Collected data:

lemma A_tendsto_0: "A z \<longlonglongrightarrow> 0"
  using bounded_linear_c0 unfolding bounded_linear_c0_def c0_def by auto

lemma abs_A_le_supnorm: "\<bar>A z i\<bar> \<le> supnorm (A z)"
  using bounded_linear_c0 unfolding bounded_linear_c0_def
  by (intro abs_le_supnorm bdd_above_abs_if_c0) simp

lemma supnorm_A_nonneg: "0 \<le> supnorm (A z)"
  using abs_A_le_supnorm[of z 0] by linarith

lemma supnorm_A_eq_0_iff: "supnorm (A z) = 0 \<longleftrightarrow> A z = (\<lambda>_. 0)"
proof
  assume "supnorm (A z) = 0"
  then show "A z = (\<lambda>_. 0)"
    using abs_A_le_supnorm[of z] by (auto simp: fun_eq_iff)
qed (simp add: supnorm_def)

lemma supnorm_A_le_add_diff: "supnorm (A x) \<le> supnorm (A z) + supnorm (A (z - x))"
proof (rule supnorm_le)
  fix i
  have "A x i = A z i - A (z - x) i"
    by (simp add: A_diff)
  then show "\<bar>A x i\<bar> \<le> supnorm (A z) + supnorm (A (z - x))"
    using abs_A_le_supnorm[of z i] abs_A_le_supnorm[of "z - x" i] by linarith
qed

lemma supnorm_A_le_bound: "\<exists>C\<ge>0. \<forall>z. supnorm (A z) \<le> C * norm z"
proof -
  obtain C where C: "\<And>z. supnorm (A z) \<le> C * norm z"
    using bounded_linear_c0 unfolding bounded_linear_c0_def by blast
  have "supnorm (A z) \<le> max C 0 * norm z" for z
    using C[of z] mult_right_mono[of C "max C 0" "norm z"] by simp
  then show ?thesis
    by (intro exI[of _ "max C 0"]) auto
qed

lemma bounded_linear_A_coordinate: "bounded_linear (\<lambda>z. A z i)"
proof -
  obtain C where C: "\<And>z. supnorm (A z) \<le> C * norm z"
    using supnorm_A_le_bound by blast
  have "\<bar>A z i\<bar> \<le> norm z * C" for z
    using abs_A_le_supnorm[of z i] C[of z] by (simp add: mult.commute)
  then show ?thesis
    by (intro bounded_linear_intro[of _ C]) (simp_all add: A_add A_scaleR)
qed
(* Let $\alpha \in [0,1)$. For every $k \in \{1,\dots,m-2\}$, with $\mathbf{S}_k = (S_k,\dots,S_k)$, $$S_{\min}\sqrt[n]{1-\alpha} + S_k\left(1 - \sqrt[n]{1-\alpha}\right) \le B_{T_h}^*(\mathbf{S}_k) \le S_{\min}\sqrt[n]{1-\alpha} + S_{k+1}\left(1 - \sqrt[n]{1-\alpha}\right).$$
   Context: Fix integers $m \ge 3$, $n \ge 1$ and reals $S_{\min} < S_{\max}$; $S = \{S_0,\dots,S_{m-1}\}$ with $S_k = S_{\min} + k\frac{S_{\max}-S_{\min}}{m-1}$. $\mathcal{F}$ is the set of probability distributions on $S$, identified with the probability simplex in $\mathbb{R}^m$ with the Euclidean topology; $E[F]$ is the mean. $\Omega$ is the set of samples of size $n$ from $S$, identified with their sorted versions $x_{(1)} \le \dots \le x_{(n)}$. $P_F[\Omega']$ is the probability that the sorted sample of $n$ i.i.d. draws from $F$ lies in $\Omega' \subseteq \Omega$; $\mathcal{G}(\Omega',\alpha) = \{F : P_F[\Omega'] > \alpha\}$ and $\mathcal{F}(\Omega',\alpha)$ is its closure. The high lexicographic order $T_h$: $\mathbf{x} \le_{T_h} \mathbf{y}$ iff $\mathbf{x}=\mathbf{y}$ or at the largest index $j$ with $x_{(j)} \ne y_{(j)}$ we have $x_{(j)} < y_{(j)}$. $\Omega(\mathbf{x},T_h) = \{\mathbf{y} : \mathbf{x} \le_{T_h} \mathbf{y}\}$ and $B_{T_h}^*(\mathbf{x}) = \min\{E[F] : F \in \mathcal{F}(\Omega(\mathbf{x},T_h),\alpha)\}$. *)

theory Defs
  imports "HOL-Analysis.Analysis"
begin

definition Spt :: "nat \<Rightarrow> real \<Rightarrow> real \<Rightarrow> nat \<Rightarrow> real" where
  "Spt m Smin Smax k = Smin + real k * (Smax - Smin) / (real m - 1)"

definition distrs :: "nat \<Rightarrow> (nat \<Rightarrow> real) set" where
  "distrs m = {F. (\<forall>i<m. 0 \<le> F i) \<and> (\<Sum>i<m. F i) = 1 \<and> (\<forall>i\<ge>m. F i = 0)}"

definition mean :: "nat \<Rightarrow> real \<Rightarrow> real \<Rightarrow> (nat \<Rightarrow> real) \<Rightarrow> real" where
  "mean m Smin Smax F = (\<Sum>i<m. F i * Spt m Smin Smax i)"

definition samples :: "nat \<Rightarrow> nat \<Rightarrow> real \<Rightarrow> real \<Rightarrow> real list set" where
  "samples m n Smin Smax = {x. length x = n \<and> sorted x \<and> set x \<subseteq> Spt m Smin Smax ` {..<m}}"

text \<open>P_F[Omega']: probability that the sorted sample of n iid draws from F lies in Omega'.
  Sum over all ordered draw sequences (lists of indices) of their probabilities.\<close>
definition probF :: "nat \<Rightarrow> nat \<Rightarrow> real \<Rightarrow> real \<Rightarrow> (nat \<Rightarrow> real) \<Rightarrow> real list set \<Rightarrow> real" where
  "probF m n Smin Smax F \<Omega>' =
     (\<Sum>w\<in>{w. length w = n \<and> set w \<subseteq> {..<m}}.
        if sort (map (Spt m Smin Smax) w) \<in> \<Omega>' then (\<Prod>i<n. F (w ! i)) else 0)"

definition Gset :: "nat \<Rightarrow> nat \<Rightarrow> real \<Rightarrow> real \<Rightarrow> real list set \<Rightarrow> real \<Rightarrow> (nat \<Rightarrow> real) set" where
  "Gset m n Smin Smax \<Omega>' \<alpha> = {F \<in> distrs m. probF m n Smin Smax F \<Omega>' > \<alpha>}"

definition Fset :: "nat \<Rightarrow> nat \<Rightarrow> real \<Rightarrow> real \<Rightarrow> real list set \<Rightarrow> real \<Rightarrow> (nat \<Rightarrow> real) set" where
  "Fset m n Smin Smax \<Omega>' \<alpha> = {F. (\<forall>i\<ge>m. F i = 0) \<and>
     (\<forall>\<epsilon>>0. \<exists>G\<in>Gset m n Smin Smax \<Omega>' \<alpha>. sqrt (\<Sum>i<m. (F i - G i)\<^sup>2) < \<epsilon>)}"

definition le_Th :: "nat \<Rightarrow> real list \<Rightarrow> real list \<Rightarrow> bool" where
  "le_Th n x y \<longleftrightarrow> x = y \<or>
     (\<exists>j<n. x ! j \<noteq> y ! j \<and> (\<forall>i. j < i \<and> i < n \<longrightarrow> x ! i = y ! i) \<and> x ! j < y ! j)"

definition OmegaTh :: "nat \<Rightarrow> nat \<Rightarrow> real \<Rightarrow> real \<Rightarrow> real list \<Rightarrow> real list set" where
  "OmegaTh m n Smin Smax x = {y \<in> samples m n Smin Smax. le_Th n x y}"

definition Bstar :: "nat \<Rightarrow> nat \<Rightarrow> real \<Rightarrow> real \<Rightarrow> real \<Rightarrow> real list \<Rightarrow> real" where
  "Bstar m n Smin Smax \<alpha> x =
     Inf (mean m Smin Smax ` Fset m n Smin Smax (OmegaTh m n Smin Smax x) \<alpha>)"

end

theory Submission
  imports Defs
begin

text \<open>
  Let \<Omega> be the set of samples that are T_h-above (S_k, ..., S_k) and put r = (1 - \<alpha>)^(1/n).
  A sample all of whose points lie below S_k misses \<Omega>, so a distribution F with
  P_F[\<Omega>] > \<alpha> satisfies F{S_0, ..., S_(k-1)}^n < 1 - \<alpha>: it puts mass less than r below S_k,
  hence its mean is at least Smin r + S_k (1 - r), and this bound passes to the closure because
  the mean is continuous. Conversely, every sample containing S_(k+1) lies in \<Omega>, so the
  distribution with mass p < r at Smin and 1 - p at S_(k+1) misses \<Omega> only on the constant
  sample (Smin, ..., Smin), of probability p^n < 1 - \<alpha>. Letting p tend to r gives a point of
  the closure with mean Smin r + S_(k+1) (1 - r).
\<close>

section \<open>Words and the probabilities of sample events\<close>

definition words :: "'a set \<Rightarrow> nat \<Rightarrow> 'a list set" where
  "words A n = {w. length w = n \<and> set w \<subseteq> A}"
text \<open>The symmetrised post-collisional difference: for \<open>\<sigma>\<^sub>\<plusminus> = c u \<plusminus> s w\<close> on the circle
  \<open>c\<^sup>2 + s\<^sup>2 = 1\<close> with \<open>c \<ge> 0\<close>, the four-point Taylor expansion around \<open>m \<plusminus> h u\<close> gives
  a bound of order \<open>h\<^sup>2 (1 - c) \<le> h\<^sup>2 s\<^sup>2\<close>.\<close>
lemma symmetric_difference_bound_pos:
  fixes phi :: "'a::real_normed_vector \<Rightarrow> real"
  assumes dphi: "\<forall>x. (phi has_derivative blinfun_apply (D x)) (at x)"
    and dD: "\<forall>x. (D has_derivative blinfun_apply (D2 x)) (at x)"
    and K: "\<forall>z\<in>cball 0 \<rho>. norm (D2 z) \<le> K"
    and u: "norm u = 1" and w: "norm w \<le> 1" and cs: "c\<^sup>2 + s\<^sup>2 = 1" and c0: "0 \<le> c"
    and h: "0 \<le> h" and rho: "norm m + 2 * h \<le> \<rho>"
  shows "\<bar>phi (m + h *\<^sub>R (c *\<^sub>R u + s *\<^sub>R w)) + phi (m + h *\<^sub>R (c *\<^sub>R u - s *\<^sub>R w))
          + phi (m - h *\<^sub>R (c *\<^sub>R u + s *\<^sub>R w)) + phi (m - h *\<^sub>R (c *\<^sub>R u - s *\<^sub>R w))
          - 2 * phi (m + h *\<^sub>R u) - 2 * phi (m - h *\<^sub>R u)\<bar> \<le> 20 * K * h\<^sup>2 * s\<^sup>2"
proof -
  note c1 = unit_circle_bounds(1)[OF cs]
  have "c\<^sup>2 \<le> c" using c0 c1 by (simp add: power2_eq_square mult_left_le)
  then have one_minus_c: "1 - c \<le> s\<^sup>2" using cs by linarith
  have K0: "0 \<le> K"
    using K collision_points_in_cball(1)[OF u w cs h rho] by (meson norm_ge_zero order_trans)
  define x where "x = h *\<^sub>R (c *\<^sub>R u + s *\<^sub>R w - u)"
  define y where "y = h *\<^sub>R (c *\<^sub>R u + (- s) *\<^sub>R w - u)"
  have deviation: "norm (h *\<^sub>R (c *\<^sub>R u + t *\<^sub>R w - u)) ^ 2 \<le> h\<^sup>2 * (4 * (1 - c))"
    if "\<bar>t\<bar> = \<bar>s\<bar>" for t
  proof -
    have "norm (h *\<^sub>R (c *\<^sub>R u + t *\<^sub>R w - u)) ^ 2 = h\<^sup>2 * norm (c *\<^sub>R u + t *\<^sub>R w - u) ^ 2"
      by (simp only: norm_scaleR power_mult_distrib power2_abs)
    also have "\<dots> \<le> h\<^sup>2 * (4 * (1 - c))"
      by (rule mult_left_mono[OF circle_point_deviation[OF u w cs that]]) simp
    finally show ?thesis .
  qed
  have norm_xy: "norm x ^ 2 \<le> h\<^sup>2 * (4 * (1 - c))" "norm y ^ 2 \<le> h\<^sup>2 * (4 * (1 - c))"
    unfolding x_def y_def by (rule deviation; simp)+
  have "x + y = (2 * h * (c - 1)) *\<^sub>R u"
    unfolding x_def y_def by (simp add: algebra_simps flip: scaleR_2)
  then have norm_sum: "norm (x + y) = 2 * h * (1 - c)" using u h c1 by (simp add: abs_mult)
  have norm_base: "norm ((m + h *\<^sub>R u) - (m - h *\<^sub>R u)) = 2 * h"
    using u h by (simp flip: scaleR_2 scaleR_add_right)
  have points: "m + h *\<^sub>R u + x = m + h *\<^sub>R (c *\<^sub>R u + s *\<^sub>R w)"
    "m + h *\<^sub>R u + y = m + h *\<^sub>R (c *\<^sub>R u - s *\<^sub>R w)"
    "m - h *\<^sub>R u + - x = m - h *\<^sub>R (c *\<^sub>R u + s *\<^sub>R w)"
    "m - h *\<^sub>R u + - y = m - h *\<^sub>R (c *\<^sub>R u - s *\<^sub>R w)"
    by (simp_all add: x_def y_def algebra_simps)
  from collision_points_in_cball[OF u w cs h rho]
  have "\<bar>phi (m + h *\<^sub>R (c *\<^sub>R u + s *\<^sub>R w)) + phi (m + h *\<^sub>R (c *\<^sub>R u - s *\<^sub>R w))
          + phi (m - h *\<^sub>R (c *\<^sub>R u + s *\<^sub>R w)) + phi (m - h *\<^sub>R (c *\<^sub>R u - s *\<^sub>R w))
          - 2 * phi (m + h *\<^sub>R u) - 2 * phi (m - h *\<^sub>R u)\<bar>
      \<le> K * (2 * (norm x ^ 2 + norm y ^ 2) + norm ((m + h *\<^sub>R u) - (m - h *\<^sub>R u)) * norm (x + y))"
    unfolding points[symmetric] by (rule four_point_taylor[OF dphi dD K convex_cball])
  also have "\<dots> \<le> K * (2 * (h\<^sup>2 * (4 * (1 - c)) + h\<^sup>2 * (4 * (1 - c))) + 2 * h * (2 * h * (1 - c)))"
    unfolding norm_sum norm_base using norm_xy K0 by (intro mult_left_mono add_mono order_refl) auto
  also have "\<dots> = 20 * K * h\<^sup>2 * (1 - c)" by (simp add: power2_eq_square algebra_simps)
  also have "\<dots> \<le> 20 * K * h\<^sup>2 * s\<^sup>2" using one_minus_c K0 by (simp add: mult_left_mono)
  finally show ?thesis .
qed
(* Let $S\ge1$ and $k\ge2$ be integers, and let $(e_n(s))_{n\ge1,1\le s\le S}$ be independent random variables uniform on $\{-1,+1\}$. For $N\ge1$ put $G_{N,S}(s)=(e_1(s),\dots,e_N(s))$, $1\le s\le S$. Let $N_1<N_2<\cdots$ be a strictly increasing sequence of positive integers. Then, almost surely, \[ \Phi_k(G_{N_{r+1},S})-\Phi_k(G_{N_r,S})\le\sqrt{6(N_{r+1}-N_r)(k-1)\log N_{r+1}} \] for all sufficiently large $r$.
   Context: For a map $G_{N,S}:\{1,\dots,S\}\to\{-1,+1\}^N$, $G_{N,S}(s)=(e_1(s),\dots,e_N(s))$, the cross-correlation measure of order $k$ is \[ \Phi_k(G_{N,S})=\max\left|\sum_{n=1}^M e_{n+d_1}(s_1)\cdots e_{n+d_k}(s_k)\right|, \] the maximum taken over all integers $M,d_1,\dots,d_k$ and $1\le s_1,\dots,s_k\le S$ with $0\le d_1\le\dots\le d_k<M+d_k\le N$ and $d_i\ne d_j$ whenever $s_i=s_j$. $\log$ is the natural logarithm. *)

theory Defs
  imports "HOL-Probability.Probability"
begin

definition ccm_admissible ::
    "nat \<Rightarrow> nat \<Rightarrow> nat \<Rightarrow> nat \<Rightarrow> (nat \<Rightarrow> nat) \<Rightarrow> (nat \<Rightarrow> nat) \<Rightarrow> bool" where
  "ccm_admissible k S N M d s \<longleftrightarrow>
     (\<forall>i\<in>{1..k}. 1 \<le> s i \<and> s i \<le> S) \<and>
     (\<forall>i\<in>{1..k}. \<forall>j\<in>{1..k}. i \<le> j \<longrightarrow> d i \<le> d j) \<and>
     d k < M + d k \<and> M + d k \<le> N \<and>
     (\<forall>i\<in>{1..k}. \<forall>j\<in>{1..k}. i \<noteq> j \<and> s i = s j \<longrightarrow> d i \<noteq> d j)"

• [PROBLEM DESCRIPTION]
Up to and including the line that holds "using C[of z]", reproduce the records above exactly from their first line, and give nothing else.

• [OUTPUT FOR THIS TASK]
lemma A_tendsto_0: "A z \<longlonglongrightarrow> 0"
  using bounded_linear_c0 unfolding bounded_linear_c0_def c0_def by auto

lemma abs_A_le_supnorm: "\<bar>A z i\<bar> \<le> supnorm (A z)"
  using bounded_linear_c0 unfolding bounded_linear_c0_def
  by (intro abs_le_supnorm bdd_above_abs_if_c0) simp

lemma supnorm_A_nonneg: "0 \<le> supnorm (A z)"
  using abs_A_le_supnorm[of z 0] by linarith

lemma supnorm_A_eq_0_iff: "supnorm (A z) = 0 \<longleftrightarrow> A z = (\<lambda>_. 0)"
proof
  assume "supnorm (A z) = 0"
  then show "A z = (\<lambda>_. 0)"
    using abs_A_le_supnorm[of z] by (auto simp: fun_eq_iff)
qed (simp add: supnorm_def)

lemma supnorm_A_le_add_diff: "supnorm (A x) \<le> supnorm (A z) + supnorm (A (z - x))"
proof (rule supnorm_le)
  fix i
  have "A x i = A z i - A (z - x) i"
    by (simp add: A_diff)
  then show "\<bar>A x i\<bar> \<le> supnorm (A z) + supnorm (A (z - x))"
    using abs_A_le_supnorm[of z i] abs_A_le_supnorm[of "z - x" i] by linarith
qed

lemma supnorm_A_le_bound: "\<exists>C\<ge>0. \<forall>z. supnorm (A z) \<le> C * norm z"
proof -
  obtain C where C: "\<And>z. supnorm (A z) \<le> C * norm z"
    using bounded_linear_c0 unfolding bounded_linear_c0_def by blast
  have "supnorm (A z) \<le> max C 0 * norm z" for z
    using C[of z] mult_right_mono[of C "max C 0" "norm z"] by simp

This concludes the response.